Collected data

━━━━━━━━━━━━━━━━

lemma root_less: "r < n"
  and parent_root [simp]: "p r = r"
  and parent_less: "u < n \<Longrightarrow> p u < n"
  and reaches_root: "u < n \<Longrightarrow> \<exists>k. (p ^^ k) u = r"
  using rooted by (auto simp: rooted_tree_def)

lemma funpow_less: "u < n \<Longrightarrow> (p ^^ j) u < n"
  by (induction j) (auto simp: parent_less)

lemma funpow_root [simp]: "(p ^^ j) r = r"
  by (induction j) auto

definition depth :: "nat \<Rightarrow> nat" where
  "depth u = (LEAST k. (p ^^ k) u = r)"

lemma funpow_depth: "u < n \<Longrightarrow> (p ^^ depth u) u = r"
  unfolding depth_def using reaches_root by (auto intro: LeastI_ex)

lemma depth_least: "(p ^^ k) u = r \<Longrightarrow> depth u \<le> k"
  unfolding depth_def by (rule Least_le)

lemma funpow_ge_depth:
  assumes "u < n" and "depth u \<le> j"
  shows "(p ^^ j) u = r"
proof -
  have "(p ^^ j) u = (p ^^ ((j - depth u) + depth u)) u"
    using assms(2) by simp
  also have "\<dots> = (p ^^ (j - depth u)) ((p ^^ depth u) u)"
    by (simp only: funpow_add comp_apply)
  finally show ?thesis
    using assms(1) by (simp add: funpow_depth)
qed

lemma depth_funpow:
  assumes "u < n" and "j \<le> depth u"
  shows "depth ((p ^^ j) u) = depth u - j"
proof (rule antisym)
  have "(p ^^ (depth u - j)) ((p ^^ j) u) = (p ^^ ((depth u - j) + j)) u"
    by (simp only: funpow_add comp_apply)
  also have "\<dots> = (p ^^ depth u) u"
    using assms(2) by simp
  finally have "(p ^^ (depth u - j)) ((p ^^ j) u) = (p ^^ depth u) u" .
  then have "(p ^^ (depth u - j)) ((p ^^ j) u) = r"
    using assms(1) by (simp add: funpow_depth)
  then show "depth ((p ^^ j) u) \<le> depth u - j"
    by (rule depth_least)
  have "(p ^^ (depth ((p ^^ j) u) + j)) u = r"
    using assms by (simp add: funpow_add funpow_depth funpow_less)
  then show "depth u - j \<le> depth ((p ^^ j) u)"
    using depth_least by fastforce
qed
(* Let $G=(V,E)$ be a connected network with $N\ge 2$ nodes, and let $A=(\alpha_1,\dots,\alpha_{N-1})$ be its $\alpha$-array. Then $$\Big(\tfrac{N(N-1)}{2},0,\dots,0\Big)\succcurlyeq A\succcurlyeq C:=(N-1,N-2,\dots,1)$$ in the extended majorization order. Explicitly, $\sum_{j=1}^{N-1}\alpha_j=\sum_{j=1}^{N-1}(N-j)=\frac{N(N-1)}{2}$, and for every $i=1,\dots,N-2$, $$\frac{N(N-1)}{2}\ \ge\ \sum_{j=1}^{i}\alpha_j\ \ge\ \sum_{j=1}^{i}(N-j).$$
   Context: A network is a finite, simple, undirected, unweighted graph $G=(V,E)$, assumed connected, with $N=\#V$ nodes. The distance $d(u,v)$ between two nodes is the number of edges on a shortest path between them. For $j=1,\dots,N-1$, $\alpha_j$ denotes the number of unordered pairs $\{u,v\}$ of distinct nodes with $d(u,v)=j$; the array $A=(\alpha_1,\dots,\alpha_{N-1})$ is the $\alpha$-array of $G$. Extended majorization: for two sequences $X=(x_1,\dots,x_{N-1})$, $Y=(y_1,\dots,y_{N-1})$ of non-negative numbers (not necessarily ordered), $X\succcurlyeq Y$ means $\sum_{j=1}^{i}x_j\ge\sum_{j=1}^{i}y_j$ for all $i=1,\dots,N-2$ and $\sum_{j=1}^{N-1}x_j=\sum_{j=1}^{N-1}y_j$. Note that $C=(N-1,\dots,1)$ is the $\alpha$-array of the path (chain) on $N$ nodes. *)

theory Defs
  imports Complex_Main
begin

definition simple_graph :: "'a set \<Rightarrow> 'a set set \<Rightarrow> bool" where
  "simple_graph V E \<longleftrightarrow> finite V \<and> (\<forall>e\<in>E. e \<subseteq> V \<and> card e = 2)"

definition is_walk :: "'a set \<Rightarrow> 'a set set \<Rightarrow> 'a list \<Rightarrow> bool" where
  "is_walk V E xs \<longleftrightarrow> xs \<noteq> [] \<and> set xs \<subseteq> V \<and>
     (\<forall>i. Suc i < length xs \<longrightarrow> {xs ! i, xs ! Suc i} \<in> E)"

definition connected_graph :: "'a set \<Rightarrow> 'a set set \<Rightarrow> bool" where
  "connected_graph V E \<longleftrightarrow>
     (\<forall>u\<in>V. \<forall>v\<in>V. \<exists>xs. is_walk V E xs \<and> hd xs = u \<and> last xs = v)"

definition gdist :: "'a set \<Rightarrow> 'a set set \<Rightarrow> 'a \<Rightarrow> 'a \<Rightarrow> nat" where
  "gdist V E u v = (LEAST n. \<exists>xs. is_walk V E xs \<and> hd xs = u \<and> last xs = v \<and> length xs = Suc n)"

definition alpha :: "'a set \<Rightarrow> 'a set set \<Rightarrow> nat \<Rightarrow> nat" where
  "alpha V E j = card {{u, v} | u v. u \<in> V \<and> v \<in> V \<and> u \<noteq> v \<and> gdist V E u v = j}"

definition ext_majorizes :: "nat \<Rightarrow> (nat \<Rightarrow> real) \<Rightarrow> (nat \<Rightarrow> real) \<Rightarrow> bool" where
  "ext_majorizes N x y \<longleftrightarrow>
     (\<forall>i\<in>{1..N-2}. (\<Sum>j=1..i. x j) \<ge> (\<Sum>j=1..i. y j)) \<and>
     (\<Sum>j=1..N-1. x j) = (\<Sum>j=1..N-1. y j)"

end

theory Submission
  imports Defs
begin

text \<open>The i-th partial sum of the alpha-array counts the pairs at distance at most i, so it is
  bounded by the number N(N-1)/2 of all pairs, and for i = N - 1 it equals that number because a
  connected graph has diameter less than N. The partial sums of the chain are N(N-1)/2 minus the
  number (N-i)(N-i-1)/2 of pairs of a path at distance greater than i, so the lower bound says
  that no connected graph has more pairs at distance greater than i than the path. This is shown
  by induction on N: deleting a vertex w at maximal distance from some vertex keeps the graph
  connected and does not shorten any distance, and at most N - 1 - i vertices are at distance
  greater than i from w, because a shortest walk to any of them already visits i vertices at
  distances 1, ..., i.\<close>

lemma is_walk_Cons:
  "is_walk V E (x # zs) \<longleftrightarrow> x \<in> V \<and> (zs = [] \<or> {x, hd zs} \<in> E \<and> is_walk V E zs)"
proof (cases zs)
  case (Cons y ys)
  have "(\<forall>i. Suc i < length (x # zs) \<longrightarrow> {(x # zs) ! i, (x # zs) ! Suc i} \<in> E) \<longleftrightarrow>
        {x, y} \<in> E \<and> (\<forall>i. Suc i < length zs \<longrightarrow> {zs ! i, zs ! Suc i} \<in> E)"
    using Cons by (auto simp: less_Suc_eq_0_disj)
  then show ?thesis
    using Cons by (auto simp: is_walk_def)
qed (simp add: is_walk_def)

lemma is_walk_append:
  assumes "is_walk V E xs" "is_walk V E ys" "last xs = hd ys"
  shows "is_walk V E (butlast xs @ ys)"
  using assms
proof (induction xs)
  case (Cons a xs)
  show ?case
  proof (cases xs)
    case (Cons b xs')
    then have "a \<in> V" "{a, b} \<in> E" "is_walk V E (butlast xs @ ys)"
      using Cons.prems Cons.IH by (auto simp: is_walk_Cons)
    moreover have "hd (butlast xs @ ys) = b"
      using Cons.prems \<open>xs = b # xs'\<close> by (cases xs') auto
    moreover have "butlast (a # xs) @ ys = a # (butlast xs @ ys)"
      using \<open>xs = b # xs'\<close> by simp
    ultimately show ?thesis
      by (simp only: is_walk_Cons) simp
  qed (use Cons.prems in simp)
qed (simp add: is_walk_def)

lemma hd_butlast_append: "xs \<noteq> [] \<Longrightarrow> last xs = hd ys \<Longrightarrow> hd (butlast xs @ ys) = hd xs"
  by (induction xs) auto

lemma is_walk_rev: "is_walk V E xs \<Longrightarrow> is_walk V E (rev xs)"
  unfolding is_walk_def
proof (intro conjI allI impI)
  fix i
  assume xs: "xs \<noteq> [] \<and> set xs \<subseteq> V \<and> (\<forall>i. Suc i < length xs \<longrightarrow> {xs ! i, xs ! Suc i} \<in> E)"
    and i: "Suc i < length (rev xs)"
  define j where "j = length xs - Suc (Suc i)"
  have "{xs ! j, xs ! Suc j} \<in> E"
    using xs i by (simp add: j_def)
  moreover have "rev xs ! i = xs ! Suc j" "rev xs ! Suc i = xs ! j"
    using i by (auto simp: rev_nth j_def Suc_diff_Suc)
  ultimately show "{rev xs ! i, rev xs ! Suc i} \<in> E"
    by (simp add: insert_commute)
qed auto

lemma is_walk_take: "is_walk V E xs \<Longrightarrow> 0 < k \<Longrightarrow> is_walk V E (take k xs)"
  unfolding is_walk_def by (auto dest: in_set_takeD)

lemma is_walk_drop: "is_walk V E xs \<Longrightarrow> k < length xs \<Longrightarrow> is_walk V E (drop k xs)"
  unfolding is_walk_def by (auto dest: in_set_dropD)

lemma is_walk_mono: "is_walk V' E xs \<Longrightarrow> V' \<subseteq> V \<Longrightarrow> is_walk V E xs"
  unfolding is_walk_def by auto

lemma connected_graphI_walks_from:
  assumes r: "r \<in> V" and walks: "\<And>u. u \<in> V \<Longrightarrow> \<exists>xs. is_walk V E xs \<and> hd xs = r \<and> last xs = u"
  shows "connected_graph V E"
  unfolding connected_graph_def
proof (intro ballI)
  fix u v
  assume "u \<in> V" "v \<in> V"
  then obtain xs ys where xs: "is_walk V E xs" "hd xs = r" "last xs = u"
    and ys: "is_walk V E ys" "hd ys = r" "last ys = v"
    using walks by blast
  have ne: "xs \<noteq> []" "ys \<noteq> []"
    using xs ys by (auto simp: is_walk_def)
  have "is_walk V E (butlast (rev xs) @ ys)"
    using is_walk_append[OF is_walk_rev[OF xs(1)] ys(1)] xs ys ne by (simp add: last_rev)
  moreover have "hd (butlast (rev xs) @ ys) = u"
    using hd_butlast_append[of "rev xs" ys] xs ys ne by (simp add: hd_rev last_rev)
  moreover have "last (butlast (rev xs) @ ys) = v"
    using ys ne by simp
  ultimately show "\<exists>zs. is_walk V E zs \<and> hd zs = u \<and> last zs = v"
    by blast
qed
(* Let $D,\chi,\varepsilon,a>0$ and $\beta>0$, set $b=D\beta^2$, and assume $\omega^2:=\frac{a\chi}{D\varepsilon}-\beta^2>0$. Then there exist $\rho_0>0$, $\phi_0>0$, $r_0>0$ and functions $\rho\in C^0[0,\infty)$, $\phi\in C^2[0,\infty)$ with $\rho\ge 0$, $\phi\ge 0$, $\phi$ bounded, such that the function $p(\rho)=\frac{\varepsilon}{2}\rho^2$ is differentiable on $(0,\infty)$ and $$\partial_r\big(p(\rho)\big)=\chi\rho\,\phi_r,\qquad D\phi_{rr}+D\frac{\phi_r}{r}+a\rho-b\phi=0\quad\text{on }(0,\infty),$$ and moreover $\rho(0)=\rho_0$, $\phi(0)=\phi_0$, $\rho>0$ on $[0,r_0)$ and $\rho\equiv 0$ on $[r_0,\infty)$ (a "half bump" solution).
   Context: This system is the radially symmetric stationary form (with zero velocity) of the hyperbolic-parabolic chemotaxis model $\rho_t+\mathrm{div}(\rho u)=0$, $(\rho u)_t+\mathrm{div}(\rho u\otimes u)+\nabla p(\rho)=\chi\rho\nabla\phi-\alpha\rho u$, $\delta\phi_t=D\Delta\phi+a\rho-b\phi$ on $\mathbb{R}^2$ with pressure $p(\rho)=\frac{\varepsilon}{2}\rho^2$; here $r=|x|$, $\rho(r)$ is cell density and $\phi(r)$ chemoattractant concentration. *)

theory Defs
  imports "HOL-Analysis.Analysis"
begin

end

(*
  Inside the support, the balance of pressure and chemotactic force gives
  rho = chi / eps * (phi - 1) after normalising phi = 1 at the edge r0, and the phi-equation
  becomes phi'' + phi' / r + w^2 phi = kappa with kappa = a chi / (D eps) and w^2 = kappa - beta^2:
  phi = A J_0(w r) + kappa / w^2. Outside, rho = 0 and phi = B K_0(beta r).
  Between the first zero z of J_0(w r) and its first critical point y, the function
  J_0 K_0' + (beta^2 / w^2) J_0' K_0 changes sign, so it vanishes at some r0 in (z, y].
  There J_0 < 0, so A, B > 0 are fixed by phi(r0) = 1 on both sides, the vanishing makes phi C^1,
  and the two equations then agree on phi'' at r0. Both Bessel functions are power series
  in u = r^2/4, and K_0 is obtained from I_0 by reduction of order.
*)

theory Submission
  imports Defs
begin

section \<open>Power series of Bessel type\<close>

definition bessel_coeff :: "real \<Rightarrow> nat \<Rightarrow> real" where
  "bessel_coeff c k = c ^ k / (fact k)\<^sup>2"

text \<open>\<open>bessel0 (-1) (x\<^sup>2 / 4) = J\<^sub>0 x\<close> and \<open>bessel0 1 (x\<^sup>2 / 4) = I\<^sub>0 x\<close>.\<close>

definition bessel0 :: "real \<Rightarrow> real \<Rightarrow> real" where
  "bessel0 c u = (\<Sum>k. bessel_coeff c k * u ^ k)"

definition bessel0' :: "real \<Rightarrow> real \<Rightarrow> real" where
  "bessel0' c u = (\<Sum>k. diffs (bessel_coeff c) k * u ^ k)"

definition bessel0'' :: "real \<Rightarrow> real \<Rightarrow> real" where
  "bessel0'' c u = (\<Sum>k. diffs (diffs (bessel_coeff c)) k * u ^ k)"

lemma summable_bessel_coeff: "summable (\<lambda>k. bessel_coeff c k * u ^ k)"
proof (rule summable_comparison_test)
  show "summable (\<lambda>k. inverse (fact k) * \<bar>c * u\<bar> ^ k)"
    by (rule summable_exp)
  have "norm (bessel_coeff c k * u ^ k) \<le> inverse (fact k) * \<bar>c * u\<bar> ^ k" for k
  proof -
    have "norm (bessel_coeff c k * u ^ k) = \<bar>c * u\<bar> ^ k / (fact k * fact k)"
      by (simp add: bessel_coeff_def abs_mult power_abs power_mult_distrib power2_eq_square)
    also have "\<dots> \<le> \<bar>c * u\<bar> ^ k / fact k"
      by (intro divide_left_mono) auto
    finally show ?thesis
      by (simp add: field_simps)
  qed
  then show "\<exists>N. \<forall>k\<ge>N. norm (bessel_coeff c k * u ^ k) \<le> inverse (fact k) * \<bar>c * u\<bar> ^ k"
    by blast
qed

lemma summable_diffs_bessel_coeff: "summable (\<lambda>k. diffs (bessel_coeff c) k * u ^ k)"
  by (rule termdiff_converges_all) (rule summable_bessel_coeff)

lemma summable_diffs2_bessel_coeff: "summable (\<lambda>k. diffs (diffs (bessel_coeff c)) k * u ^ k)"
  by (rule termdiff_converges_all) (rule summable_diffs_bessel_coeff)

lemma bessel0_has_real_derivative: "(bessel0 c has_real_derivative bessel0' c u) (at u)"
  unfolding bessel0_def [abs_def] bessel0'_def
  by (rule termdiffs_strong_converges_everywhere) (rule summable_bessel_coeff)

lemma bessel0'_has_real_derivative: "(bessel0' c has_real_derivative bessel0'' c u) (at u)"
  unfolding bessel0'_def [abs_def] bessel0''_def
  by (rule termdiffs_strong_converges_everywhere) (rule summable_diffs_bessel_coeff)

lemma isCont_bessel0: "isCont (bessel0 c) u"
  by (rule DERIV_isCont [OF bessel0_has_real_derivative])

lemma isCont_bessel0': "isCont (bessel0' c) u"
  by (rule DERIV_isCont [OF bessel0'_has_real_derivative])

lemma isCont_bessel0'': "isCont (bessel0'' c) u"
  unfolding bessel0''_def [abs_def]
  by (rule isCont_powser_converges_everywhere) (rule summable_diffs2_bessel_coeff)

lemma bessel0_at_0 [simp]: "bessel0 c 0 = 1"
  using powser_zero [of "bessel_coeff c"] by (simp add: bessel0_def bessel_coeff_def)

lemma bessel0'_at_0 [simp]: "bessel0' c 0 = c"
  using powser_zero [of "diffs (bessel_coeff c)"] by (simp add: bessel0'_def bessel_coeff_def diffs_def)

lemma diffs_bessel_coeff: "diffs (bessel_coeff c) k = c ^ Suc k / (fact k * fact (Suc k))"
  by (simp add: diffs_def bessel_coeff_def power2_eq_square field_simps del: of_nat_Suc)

━━━━━━━━━━━━━━━━

# TASK OBJECTIVE
The lines above from the one with "text \<open>The i-th" through the one with "proof (cases xs)" are to be duplicated exactly, ends included, with nothing added.

# REPLY TO THE EXERCISE
text \<open>The i-th partial sum of the alpha-array counts the pairs at distance at most i, so it is
  bounded by the number N(N-1)/2 of all pairs, and for i = N - 1 it equals that number because a
  connected graph has diameter less than N. The partial sums of the chain are N(N-1)/2 minus the
  number (N-i)(N-i-1)/2 of pairs of a path at distance greater than i, so the lower bound says
  that no connected graph has more pairs at distance greater than i than the path. This is shown
  by induction on N: deleting a vertex w at maximal distance from some vertex keeps the graph
  connected and does not shorten any distance, and at most N - 1 - i vertices are at distance
  greater than i from w, because a shortest walk to any of them already visits i vertices at
  distances 1, ..., i.\<close>

lemma is_walk_Cons:
  "is_walk V E (x # zs) \<longleftrightarrow> x \<in> V \<and> (zs = [] \<or> {x, hd zs} \<in> E \<and> is_walk V E zs)"
proof (cases zs)
  case (Cons y ys)
  have "(\<forall>i. Suc i < length (x # zs) \<longrightarrow> {(x # zs) ! i, (x # zs) ! Suc i} \<in> E) \<longleftrightarrow>
        {x, y} \<in> E \<and> (\<forall>i. Suc i < length zs \<longrightarrow> {zs ! i, zs ! Suc i} \<in> E)"
    using Cons by (auto simp: less_Suc_eq_0_disj)
  then show ?thesis
    using Cons by (auto simp: is_walk_def)
qed (simp add: is_walk_def)

lemma is_walk_append:
  assumes "is_walk V E xs" "is_walk V E ys" "last xs = hd ys"
  shows "is_walk V E (butlast xs @ ys)"
  using assms
proof (induction xs)
  case (Cons a xs)
  show ?case
  proof (cases xs)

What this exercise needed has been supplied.